The charm of coming home

As unrestricted free agency approaches for both players, they will receive endless offers from a wide range of teams. Most of these teams do not have the ability to remove them from their Oklahoma City situation. However, for the Washington Wizards and Los Angeles Lakers, the temptation to play for their hometown team could make them a resident superstar. It may seem absurd that a team’s affiliation with a player’s hometown is reason enough to leave the comfort of Durant and Westbrook in Oklahoma City. Then again, would Lebron really leave Dwayne Wade if Ohio wasn’t his home state? Therefore, the Wizards and Lakers influence these players in a way that the Thunder cannot compete with.

For the Wizards, his appeal goes beyond having a connection to Durant’s personal life. His young tandem of John Wall and Bradley Beal would work perfectly playing alongside Kevin Durant. According to Basketball Reference, Wall has averaged 8.7 assists in his career. He’s the best passer in the game this side of Chris Paul, giving Kevin Durant the first pass setter he needs to maximize his scoring skills. Wall’s ability to drive and throw a plate coupled with Beal’s exceptional three-point shot would lead to easier and more efficient scoring opportunities for Kevin Durant. Playing in the easier Eastern Conference should also be attractive.
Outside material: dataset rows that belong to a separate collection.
lemma encl_eq_iff [simp]: "encl a = encl a' \<longleftrightarrow> a = a'"
  and encr_eq_iff [simp]: "encr c = encr c' \<longleftrightarrow> c = c'"
  and encl_neq_encr [simp]: "encl a \<noteq> encr c" "encr c \<noteq> encl a"
  unfolding encl_def encr_def by presburger+

lemma mem_image_encl [simp]:
  "encl a \<in> encl ` S \<longleftrightarrow> a \<in> S" "encr c \<in> encr ` S \<longleftrightarrow> c \<in> S"
  "encl a \<notin> encr ` S" "encr c \<notin> encl ` S"
  by auto

lemma mem_map_prod_encl [simp]:
  "(encl a, encl a') \<in> map_prod encl encl ` S \<longleftrightarrow> (a, a') \<in> S"
  "(encr c, encr c') \<in> map_prod encr encr ` S \<longleftrightarrow> (c, c') \<in> S"
  "(x, encr c) \<notin> map_prod encl encl ` S" "(encr c, y) \<notin> map_prod encl encl ` S"
  "(x, encl a) \<notin> map_prod encr encr ` S" "(encl a, y) \<notin> map_prod encr encr ` S"
  by (force simp: image_iff)+

lemma vimage_enc [simp]:
  "encl -` encl ` X = X" "encr -` encr ` Y = Y" "encl -` encr ` Y = {}" "encr -` encl ` X = {}"
  by auto

lemma image_encl_subset_iff [simp]: "encl ` S \<subseteq> encl ` X \<union> encr ` Y \<longleftrightarrow> S \<subseteq> X"
  and image_encr_subset_iff [simp]: "encr ` T \<subseteq> encl ` X \<union> encr ` Y \<longleftrightarrow> T \<subseteq> Y"
  by auto

lemma enc_decompose: "I = encl ` (encl -` I) \<union> encr ` (encr -` I)"
proof -
  have "n \<in> range encl \<union> range encr" for n
    by (cases "even n") (auto simp: encl_def encr_def image_iff elim!: evenE oddE)
  then have "range encl \<union> range encr = UNIV" by blast
  then show ?thesis by (simp flip: Int_Un_distrib)
qed

lemma ball_enc_image: "(\<forall>x\<in>encl ` A \<union> encr ` B. P x) \<longleftrightarrow> (\<forall>a\<in>A. P (encl a)) \<and> (\<forall>c\<in>B. P (encr c))"
  by blast

lemma glue_unfold: "glue b (A, H, R) (B, H', R') = (encl ` A \<union> encr ` B,
      map_prod encl encl ` H \<union> map_prod encr encr ` H' \<union> (if b then encl ` A \<times> encr ` B else {}),
      map_prod encl encl ` R \<union> map_prod encr encr ` R' \<union> (if b then {} else encl ` A \<times> encr ` B))"
  by (simp add: glue_def)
As a result, the Wizards are in a firm position to acquire Durant if the Thunder disappoint this season.

Consequently, Durant’s decision could determine Westbrook’s verdict in the subsequent offseason. If Durant goes ahead, the Thunder lose their luster as a title contender, prompting Russell Westbrook to take his talents elsewhere. A conjunction with the Lakers would definitely be considered. He was born and raised in California, attending college at UCLA. By then Kobe will most likely have retired, giving Westbrook a chance to take on the desired role of unquestioned leader. Plus, the Lakers have a promising young core that will be closer to their ceiling when Westbrook arrives. Therefore, the Lakers and Wizards are legitimate threats to snatch Durant and Westbrook.
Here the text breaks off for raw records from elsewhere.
(* Let $\Omega$ be a domain in $\mathbb C^n$ and let $f=u+iv$ be holomorphic on $\Omega$ with $u,v$ real-valued. Then for $1<p\le2$ and $\tau>0$, the function $$\frac{p}{p-1}(u^2+\tau)^{p/2}-(|f|^2+\tau)^{p/2}$$ is plurisubharmonic on $\Omega$. *)

theory Defs
  imports "HOL-Analysis.Analysis"
begin

text \<open>Points of C^n are vectors of type complex^'n, 'n a finite index type (n = CARD('n)).
  Complex scalar multiplication on complex^'n is (*s).\<close>

definition domain_cn :: "(complex ^ 'n::finite) set \<Rightarrow> bool" where
  "domain_cn \<Omega> \<longleftrightarrow> open \<Omega> \<and> connected \<Omega> \<and> \<Omega> \<noteq> {}"

definition holomorphic_on_cn :: "(complex ^ 'n::finite \<Rightarrow> complex) \<Rightarrow> (complex ^ 'n) set \<Rightarrow> bool" where
  "holomorphic_on_cn f \<Omega> \<longleftrightarrow>
     (\<forall>z\<in>\<Omega>. \<exists>c :: complex ^ 'n. (f has_derivative (\<lambda>h. \<Sum>i\<in>UNIV. c $ i * h $ i)) (at z))"

definition usc_on :: "(complex ^ 'n::finite) set \<Rightarrow> (complex ^ 'n \<Rightarrow> real) \<Rightarrow> bool" where
  "usc_on \<Omega> \<phi> \<longleftrightarrow> (\<forall>z\<in>\<Omega>. \<forall>e>0. \<forall>\<^sub>F x in at z within \<Omega>. \<phi> x < \<phi> z + e)"

text \<open>Plurisubharmonic (real-valued): upper semicontinuous, and the restriction to every
  complex line is subharmonic, i.e. satisfies the sub-mean-value inequality on every closed
  disc {a + \<zeta> b : |\<zeta>| \<le> 1} contained in \<Omega>.\<close>
definition plurisubharmonic_on :: "(complex ^ 'n::finite) set \<Rightarrow> (complex ^ 'n \<Rightarrow> real) \<Rightarrow> bool" where
  "plurisubharmonic_on \<Omega> \<phi> \<longleftrightarrow>
     usc_on \<Omega> \<phi> \<and>
     (\<forall>a b. (\<forall>\<zeta>. cmod \<zeta> \<le> 1 \<longrightarrow> a + \<zeta> *s b \<in> \<Omega>) \<longrightarrow>
        (\<lambda>t. \<phi> (a + cis t *s b)) integrable_on {0..2*pi} \<and>
        \<phi> a \<le> (1 / (2*pi)) * integral {0..2*pi} (\<lambda>t. \<phi> (a + cis t *s b)))"

end

theory Submission
  imports Defs "HOL-Complex_Analysis.Cauchy_Integral_Formula"
begin

text \<open>If \<open>G\<close> is a \<open>C\<^sup>2\<close> function on \<open>\<complex> = \<real>\<^sup>2\<close> with \<open>\<Delta>G \<ge> 0\<close> and \<open>h\<close> is holomorphic, then
  \<open>G \<circ> h\<close> satisfies the sub-mean-value inequality on every disc, since \<open>\<Delta>(G \<circ> h) = |h'|\<^sup>2 \<Delta>G\<close>.
  We verify this in polar coordinates: writing \<open>P(r, t) = G (h (r e\<^sup>i\<^sup>t))\<close>, the identity
  \<open>r \<partial>\<^sub>r(r \<partial>\<^sub>r P) + \<partial>\<^sub>t\<^sup>2 P = r\<^sup>2 |h'|\<^sup>2 \<Delta>G \<ge> 0\<close> and periodicity in \<open>t\<close> show that the circle
  averages of \<open>P\<close> increase with \<open>r\<close>. Restricting to complex lines gives plurisubharmonicity of
  \<open>G \<circ> f\<close> for holomorphic \<open>f\<close> on \<open>\<complex>\<^sup>n\<close>.

  For \<open>G w = c ((Re w)\<^sup>2 + \<tau>)\<^bsup>p/2\<^esup> - (|w|\<^sup>2 + \<tau>)\<^bsup>p/2\<^esup>\<close>, with \<open>X = (Re w)\<^sup>2 + \<tau> \<le> Y = |w|\<^sup>2 + \<tau>\<close>,
  \<open>\<Delta>G = p (c (p - 1) X\<^bsup>p/2-1\<^esup> - p Y\<^bsup>p/2-1\<^esup>) + p (2 - p) \<tau> (c X\<^bsup>p/2-2\<^esup> - Y\<^bsup>p/2-2\<^esup>)\<close>,
  which is nonnegative for \<open>1 < p \<le> 2\<close> and \<open>c = p/(p - 1)\<close> because both exponents are \<open>\<le> 0\<close>.\<close>

section \<open>Sub-mean-value inequality in polar coordinates\<close>

lemma integrable_on_slice:
  fixes F :: "'a::topological_space \<Rightarrow> real \<Rightarrow> real"
  assumes "continuous_on (A \<times> {c..d}) (\<lambda>(r, t). F r t)" "r \<in> A"
  shows "F r integrable_on {c..d}"
proof -
  have "continuous_on {c..d} ((\<lambda>(r, t). F r t) \<circ> Pair r)"
    by (intro continuous_on_compose continuous_intros continuous_on_subset[OF assms(1)])
       (use assms(2) in auto)
  then have "continuous_on {c..d} (F r)"
    by (simp add: o_def)
  then show ?thesis
    by (rule integrable_continuous_interval)
qed

lemma has_real_derivative_integral_param:
  fixes F F' :: "real \<Rightarrow> real \<Rightarrow> real"
  assumes "\<And>r t. r \<in> {a..b} \<Longrightarrow> t \<in> {c..d} \<Longrightarrow>
      ((\<lambda>r. F r t) has_real_derivative F' r t) (at r within {a..b})"
    and "continuous_on ({a..b} \<times> {c..d}) (\<lambda>(r, t). F r t)"
    and "continuous_on ({a..b} \<times> {c..d}) (\<lambda>(r, t). F' r t)"
    and "r \<in> {a..b}"
  shows "((\<lambda>r. integral {c..d} (F r)) has_real_derivative integral {c..d} (F' r))
           (at r within {a..b})"
  using leibniz_rule_field_derivative[of "{a..b}" c d F F' r] assms integrable_on_slice[OF assms(2)]
  by auto

lemma nonneg_derivative_imp_le:
  fixes f f' :: "real \<Rightarrow> real"
  assumes "a \<le> b"
    and "\<And>x. x \<in> {a..b} \<Longrightarrow> (f has_real_derivative f' x) (at x within {a..b})"
    and "\<And>x. a < x \<Longrightarrow> x < b \<Longrightarrow> 0 \<le> f' x"
  shows "f a \<le> f b"
proof (rule DERIV_nonneg_imp_increasing_open[OF assms(1)])
  fix x assume "a < x" "x < b"
  then have "at x within {a..b} = at x"
    by (intro at_within_Icc_at) auto
  with assms(2,3) \<open>a < x\<close> \<open>x < b\<close> show "\<exists>y. DERIV f x :> y \<and> 0 \<le> y"
    by (metis atLeastAtMost_iff less_imp_le)
next
  show "continuous_on {a..b} f"
    using assms(2) DERIV_continuous continuous_on_eq_continuous_within by blast
qed

lemma integral_nonneg_up_to_periodic_derivative:
  fixes f g g' :: "real \<Rightarrow> real"
  assumes "a \<le> b"
    and "\<And>t. t \<in> {a..b} \<Longrightarrow> (g has_real_derivative g' t) (at t within {a..b})"
    and "g a = g b" and "f integrable_on {a..b}"
    and "\<And>t. t \<in> {a..b} \<Longrightarrow> 0 \<le> f t + g' t"
  shows "0 \<le> integral {a..b} f"
proof -
  have "(g' has_integral g b - g a) {a..b}"
    using assms(1,2) by (intro fundamental_theorem_of_calculus)
      (auto simp: has_real_derivative_iff_has_vector_derivative[symmetric])
  then have "((\<lambda>t. f t + g' t) has_integral integral {a..b} f + 0) {a..b}"
    using assms(3,4) by (intro has_integral_add integrable_integral) simp_all
  then have "0 \<le> integral {a..b} f + 0"
    by (rule has_integral_nonneg) (use assms(5) in auto)
  then show ?thesis
    by simp
qed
In all likelihood, the Thunders’ success in the 2015-16 season will determine their future as a team. If the Thunder do well enough to impress their dynamic duo, they have a core that will compete for years to come. In hindsight, an early postseason exit could spell the end for the Thunder. With a slew of teams aiming to get these players in the upcoming off-seasons, the Thunder’s title window will soon reach its climax.